之後,輪到被告方的辯護律師傑克遜發言。他要求格拉斯哥羅伊德銀行的出納莫布洛夫出庭作證,詢問有關二百五十鎊支票的情況。據說銀行員工最初提議做一張掛在張一淼名下的支票,但張一淼立刻反對,聲稱掛在夫妻名下的支票會比較方便。這條證詞對被告方還比較有利。
格蘭傑村在凱斯維克的東北部,離格蘭傑橋大約四英里。夫妻入住的酒店位於格蘭傑村的西北部,與村莊的入口格蘭傑橋大約有三分之一英里的距離。從格蘭傑橋到酒店的路上,有一棟叫格蘭傑之家的房子,這座房子位於卡瑪卡特森林的南部。在大馬路上右轉,有一個小噴泉,在小噴泉前方有一條小路,沿著這條路走就能走到一條小河的河岸邊。這條小河是全村的共有財產,周圍象徵性地圍著一圈矮石牆和小門,誰都能自由進出。往小路旁邊走一百二十二碼左右,就能看到一片草叢,那裡就是發現屍體的地方。沿著小河往下走就能看到一條小河,河水緩緩流動,大家都管這塊地方叫「KidhamDub」,這裡也成了村人的浴場。小路的木門與格蘭傑橋的距離約四百碼。
小河對面也有一圈矮石牆,將小河與森林隔開。如果發現屍體的地方有人站著,河對岸的人是能看見的。這裡雖說是「浴場」,但那只是當地村人起的綽號,根本沒人來這兒洗澡。控方的一位證人證明說,二十年來,從未有人去那兒洗澡。那些年輕的村人甚至不知道村子裡有這個浴場。張一淼這個外國人,況且是個昨天才來到村裡的外國人,豈會知道附近有個浴場呢?

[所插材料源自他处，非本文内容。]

lemma Gpm_power_eq_cmod_sum:
  "Gpm k s x ^ r = (cmod (\<Sum>p\<in>trinomial_terms r.
     complex_of_real (trinomial_weight r s p) * cis (2 * pi * of_int (trinomial_freq k p) * x)))\<^sup>2"
proof -
  have expansion_term: "of_nat (r choose fst p) * of_nat ((r - fst p) choose snd p) *
        (complex_of_real s * cis (2 * pi * real (k + 2) * x)) ^ fst p * cis (2 * pi * x) ^ snd p =
      complex_of_real (trinomial_weight r s p) * cis (2 * pi * of_int (trinomial_freq k p) * x)"
    for p
    by (simp add: trinomial_weight_def trinomial_freq_def power_mult_distrib Complex.DeMoivre cis_mult
        algebra_simps)
  have "Gpm k s x ^ r = (cmod ((1 + cis (2 * pi * x) + complex_of_real s * cis (2 * pi * real (k + 2) * x)) ^ r))\<^sup>2"
    unfolding Gpm_def norm_power by (simp add: power_mult[symmetric] mult.commute)
  also have "\<dots> = (cmod (\<Sum>p\<in>trinomial_terms r.
     complex_of_real (trinomial_weight r s p) * cis (2 * pi * of_int (trinomial_freq k p) * x)))\<^sup>2"
    unfolding trinomial_expansion trinomial_terms_def case_prod_beta expansion_term ..
  finally show ?thesis .
qed

lemma inj_on_trinomial_freq:
  assumes "r \<le> k + 1"
  shows "inj_on (trinomial_freq k) (trinomial_terms r)"
proof (rule inj_onI)
  fix p q assume "p \<in> trinomial_terms r" "q \<in> trinomial_terms r"
    and eq: "trinomial_freq k p = trinomial_freq k q"
  have "snd p < k + 2" "snd q < k + 2"
    using assms \<open>p \<in> _\<close> \<open>q \<in> _\<close> unfolding trinomial_terms_def by auto
  moreover have "snd p + (k + 2) * fst p = snd q + (k + 2) * fst q"
    using eq unfolding trinomial_freq_def by (simp only: of_nat_eq_iff)
  moreover have "(b + m * c) div m = c" "(b + m * c) mod m = b" if "b < m" for b c m :: nat
    using that by simp_all
  ultimately show "p = q"
    by (metis prod.expand)
qed

lemma sum_trinomial_weight_squared:
  assumes "s = 1 \<or> s = -1"
  shows "(\<Sum>p\<in>trinomial_terms r. (trinomial_weight r s p)\<^sup>2) = real (A r)"
proof -
  have s_pow: "(s ^ c)\<^sup>2 = 1" for c :: nat
    using assms by (auto simp: power_mult_distrib simp flip: power_mult)
  have central: "(\<Sum>b\<le>m. (real (m choose b))\<^sup>2) = real ((2 * m) choose m)" for m
    by (simp flip: choose_square_sum add: of_nat_sum)
  have "(\<Sum>p\<in>trinomial_terms r. (trinomial_weight r s p)\<^sup>2) =
      (\<Sum>c\<le>r. (real (r choose c))\<^sup>2 * (\<Sum>b\<le>r - c. (real ((r - c) choose b))\<^sup>2))"
    unfolding trinomial_terms_def trinomial_weight_def
    by (simp add: sum.Sigma case_prod_beta power_mult_distrib s_pow sum_distrib_left)
  also have "\<dots> = real (A r)"
    unfolding A_def central by (simp add: atLeast0AtMost right_diff_distrib')
  finally show ?thesis .
qed

lemma has_integral_Gpm_power:
  assumes "s = 1 \<or> s = -1" and "r \<le> k + 1"
  shows "((\<lambda>x. Gpm k s x ^ r) has_integral real (A r) / 2) {0..1/2}"
  using parseval_half_period[OF finite_trinomial_terms inj_on_trinomial_freq[OF assms(2)], of "trinomial_weight r s"]
  unfolding Gpm_power_eq_cmod_sum sum_trinomial_weight_squared[OF assms(1)] .

lemma Gpm_nonneg: "0 \<le> Gpm k s x"
  unfolding Gpm_def by simp

lemma Gpm_le_9:
  assumes "s = 1 \<or> s = -1"
  shows "Gpm k s x \<le> 9"
proof -
  have "cmod (1 + cis (2 * pi * x) + complex_of_real s * cis (2 * pi * real (k + 2) * x))
      \<le> cmod 1 + cmod (cis (2 * pi * x)) + cmod (complex_of_real s * cis (2 * pi * real (k + 2) * x))"
    by (meson add_right_mono norm_triangle_ineq order_trans)
  also have "\<dots> = 3" using assms by (auto simp: norm_mult)
  finally have "(cmod (1 + cis (2 * pi * x) + complex_of_real s * cis (2 * pi * real (k + 2) * x)))\<^sup>2 \<le> 3\<^sup>2"
    by (intro power_mono) auto
  then show ?thesis
    unfolding Gpm_def by simp
qed

lemma continuous_on_Gpm: "continuous_on T (Gpm k s)"
  unfolding Gpm_def by (intro continuous_intros)

lemma A_pos: "0 < A r"
proof -
  have "(r choose r)\<^sup>2 * ((2 * r - 2 * r) choose (r - r)) \<le> A r"
    unfolding A_def by (rule member_le_sum) auto
  then show ?thesis by simp
qed

lemma powr_le_powr_bound_mult_power:
  fixes y M \<tau> :: real
  assumes "0 \<le> y" "y \<le> M" "real \<rho> < \<tau>"
  shows "y powr \<tau> \<le> M powr (\<tau> - real \<rho>) * y ^ \<rho>"
proof (cases "y = 0")
  case False
  then have "0 < y" using assms(1) by simp
  have "y powr \<tau> = y powr (\<tau> - real \<rho>) * y powr real \<rho>"
    by (simp flip: powr_add)
  also have "\<dots> = y powr (\<tau> - real \<rho>) * y ^ \<rho>"
    using \<open>0 < y\<close> by (simp add: powr_realpow)
  also have "\<dots> \<le> M powr (\<tau> - real \<rho>) * y ^ \<rho>"
    using assms \<open>0 < y\<close> by (intro mult_right_mono powr_mono2) auto
  finally show ?thesis .
qed simp

text \<open>The concave function \<open>y \<mapsto> y\<^sup>p\<close> lies below its tangent line at \<open>c\<close>.\<close>

lemma powr_le_tangent_line:
  fixes y c p :: real
  assumes "0 \<le> y" "0 < c" "0 < p" "p < 1"
  shows "y powr p \<le> c powr (p - 1) * (p * y + (1 - p) * c)"
proof (cases "y = 0")
  case True
  then show ?thesis using assms by simp
next
  case False
  then have "y powr p * c powr (1 - p) \<le> p * y + (1 - p) * c"
    using assms by (intro Youngs_inequality_0) auto
  then have "c powr (p - 1) * (y powr p * c powr (1 - p)) \<le> c powr (p - 1) * (p * y + (1 - p) * c)"
    by (intro mult_left_mono) auto
  moreover have "c powr (p - 1) * (y powr p * c powr (1 - p)) = y powr p"
    using assms(2) by (simp add: mult_ac flip: powr_add)
  ultimately show ?thesis by simp
qed

lemma integral_powr_le_of_bounded:
  fixes f :: "real \<Rightarrow> real"
  assumes "continuous_on {a..b} f" and "\<And>x. x \<in> {a..b} \<Longrightarrow> 0 \<le> f x \<and> f x \<le> M"
    and "((\<lambda>x. f x ^ \<rho>) has_integral J) {a..b}" and "real \<rho> < \<tau>"
  shows "integral {a..b} (\<lambda>x. f x powr \<tau>) \<le> M powr (\<tau> - real \<rho>) * J"
proof (rule has_integral_le)
  have "continuous_on {a..b} (\<lambda>x. f x powr \<tau>)"
    using assms by (intro continuous_on_powr' continuous_on_const) auto
  then show "((\<lambda>x. f x powr \<tau>) has_integral integral {a..b} (\<lambda>x. f x powr \<tau>)) {a..b}"
    using integrable_continuous_interval by blast
  show "((\<lambda>x. M powr (\<tau> - real \<rho>) * f x ^ \<rho>) has_integral M powr (\<tau> - real \<rho>) * J) {a..b}"
    using assms(3) by (rule has_integral_mult_right)
qed (use assms(2,4) powr_le_powr_bound_mult_power in blast)

lemma integral_powr_le_powr_mean:
  fixes f :: "real \<Rightarrow> real"
  assumes "a \<le> b" and "continuous_on {a..b} f" and "\<And>x. x \<in> {a..b} \<Longrightarrow> 0 \<le> f x"
    and "((\<lambda>x. f x ^ \<rho>) has_integral (b - a) * c) {a..b}" and "0 < c" and "0 < \<tau>" "\<tau> < real \<rho>"
  shows "integral {a..b} (\<lambda>x. f x powr \<tau>) \<le> (b - a) * c powr (\<tau> / real \<rho>)"
proof -
  define p where "p = \<tau> / real \<rho>"
  have p: "0 < p" "p < 1" using assms(6,7) unfolding p_def by (auto simp: field_simps)
  have tangent: "f x powr \<tau> \<le> c powr (p - 1) * (p * f x ^ \<rho> + (1 - p) * c)" if "x \<in> {a..b}" for x
  proof -
    have "f x powr \<tau> = (f x powr real \<rho>) powr p"
      using assms(6,7) by (simp add: p_def powr_powr)
    also have "f x powr real \<rho> = f x ^ \<rho>"
      using assms(3)[OF that] assms(6,7) by (intro powr_realpow') auto
    finally have "f x powr \<tau> = (f x ^ \<rho>) powr p" .
    then show ?thesis
      using powr_le_tangent_line[of "f x ^ \<rho>" c p] assms(3)[OF that] assms(5) p by simp
  qed
  have "integral {a..b} (\<lambda>x. f x powr \<tau>) \<le> c powr (p - 1) * (p * ((b - a) * c) + (1 - p) * c * (b - a))"
  proof (rule has_integral_le)
    have "continuous_on {a..b} (\<lambda>x. f x powr \<tau>)"
      using assms by (intro continuous_on_powr' continuous_on_const) auto
    then show "((\<lambda>x. f x powr \<tau>) has_integral integral {a..b} (\<lambda>x. f x powr \<tau>)) {a..b}"
      using integrable_continuous_interval by blast
    have "((\<lambda>x. (1 - p) * c) has_integral (1 - p) * c * (b - a)) {a..b}"
      using has_integral_const_real[of "(1 - p) * c" a b] assms(1) by (simp add: mult.commute)
    then show "((\<lambda>x. c powr (p - 1) * (p * f x ^ \<rho> + (1 - p) * c)) has_integral
        c powr (p - 1) * (p * ((b - a) * c) + (1 - p) * c * (b - a))) {a..b}"
      by (intro has_integral_mult_right has_integral_add has_integral_mult_right[OF assms(4)])
  qed (use tangent in blast)
  also have "\<dots> = (b - a) * (c powr (p - 1) * c)"
    by (simp add: algebra_simps)
  also have "\<dots> = (b - a) * c powr (\<tau> / real \<rho>)"
    using powr_add[of c "p - 1" 1] assms(5) unfolding p_def by simp
  finally show ?thesis .
qed

theorem proposition1:
  fixes k \<rho> :: nat and \<tau> s :: real
  assumes "s = 1 \<or> s = -1"
    and "\<rho> \<le> k + 1"
    and "\<tau> > 0"
  shows "(\<tau> > real \<rho> \<longrightarrow>
           integral {0..1/2} (\<lambda>x. Gpm k s x powr \<tau>) \<le> 1/2 * 9 powr (\<tau> - real \<rho>) * real (A \<rho>))
       \<and> (\<tau> < real \<rho> \<longrightarrow>
           integral {0..1/2} (\<lambda>x. Gpm k s x powr \<tau>) \<le> 1/2 * real (A \<rho>) powr (\<tau> / real \<rho>))"
proof (intro conjI impI)
  have moment: "((\<lambda>x. Gpm k s x ^ \<rho>) has_integral (1/2 - 0) * real (A \<rho>)) {0..1/2}"
    using has_integral_Gpm_power[OF assms(1,2)] by simp
  have bounds: "0 \<le> Gpm k s x \<and> Gpm k s x \<le> 9" for x
    using Gpm_nonneg Gpm_le_9[OF assms(1)] by blast
  show "integral {0..1/2} (\<lambda>x. Gpm k s x powr \<tau>) \<le> 1/2 * 9 powr (\<tau> - real \<rho>) * real (A \<rho>)"
    if "\<tau> > real \<rho>"
    using integral_powr_le_of_bounded[OF continuous_on_Gpm bounds moment that] by simp
  show "integral {0..1/2} (\<lambda>x. Gpm k s x powr \<tau>) \<le> 1/2 * real (A \<rho>) powr (\<tau> / real \<rho>)"
    if "\<tau> < real \<rho>"
    using integral_powr_le_powr_mean[OF _ continuous_on_Gpm Gpm_nonneg moment _ assms(3) that] A_pos
    by simp
qed

end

張一淼對酒店的員工說他的妻子去凱斯維克買東西了。之後,酒店的老闆娘出了門,被告就詢問女服務員哈麗迪說:「克羅斯麗小姐去村裡人沐浴(bathe)的地方了嗎?」酒店老闆娘克羅斯麗小姐如此說道:「張一淼夫婦於六月十八日下午兩點三十分入住酒店,要了二樓的一間房間,出門散步之後回酒店喝了下午茶。當時,張夫人還讓我打電報預訂六月二十三日倫敦魯本斯酒店的房間。她說有一個大箱子會直接從蘇格蘭送到魯本斯酒店,她讓我在電報里也這樣寫。那兩三天特別冷,我就幫他們點著了房間里的暖爐,他們當天很早就睡了。第二天中午十二點到下午一點,我看到他們吃完午飯走出餐廳,下午兩點左右,他們手挽手走出了酒店大門,穿過院子朝大馬路上走去了。」
當天上午,兩人也沿著羅斯維特路轉了一圈,巴士駕駛員在格蘭傑橋附近看到了他們。據駕駛員說,張夫人站在橋上看風景,而男的則在散步,走去了離小橋四百餘碼的小門那裡—也就是前往「浴場」的那條小路的入口—之後他又立刻折返回來。這時巴士司機停車,問張夫人,您要不要去凱斯維克,張夫人說她不去,之後巴士司機就把車開走了。案發前一天,這位司機也看到這對夫妻在喝下午茶之前出門散了步。當時司機駕駛的巴士是開往凱斯維克方向的。司機只見過他們兩次,就記住他們了,想必張一淼應該也知道村裡有車能去凱斯維克吧。
辛格爾頓檢察官在報告中如此說道:
「兩人在酒店裡入住的時間不長,然而因為他們是東洋人,所以特別顯眼,有無數人能證明他們的行蹤。」檢察官說得一點沒錯。十九日下午,兩人一出酒店大門,就有許多人能為他們的散步路線作證。一位叫哈里森的老夫人在聖三位一體教堂的轉角處與這對夫妻擦肩而過,還有另外一位巴士司機在下午一點四十五分見到他們正往格蘭傑之家的南面走去。兩點三十二分,有人作證說在格蘭傑橋附近見到了他們。這時他們應該已經在往回走了。另一位證人清楚地記得這對夫婦兩點二十分到兩點三十分之間正在格蘭傑橋靠近凱斯維克的那一側,邊說笑邊往回走。兩點三十分左右,貝爾巴克夫婦見到這對年輕的中國夫婦站在噴泉邊上觀賞景色。這個村子裡的人很少見到中國人,所以大家對這對夫婦的印象都很深刻。所有證人都說張一淼手裡還拿著一台照相機,和妻子手挽手散步。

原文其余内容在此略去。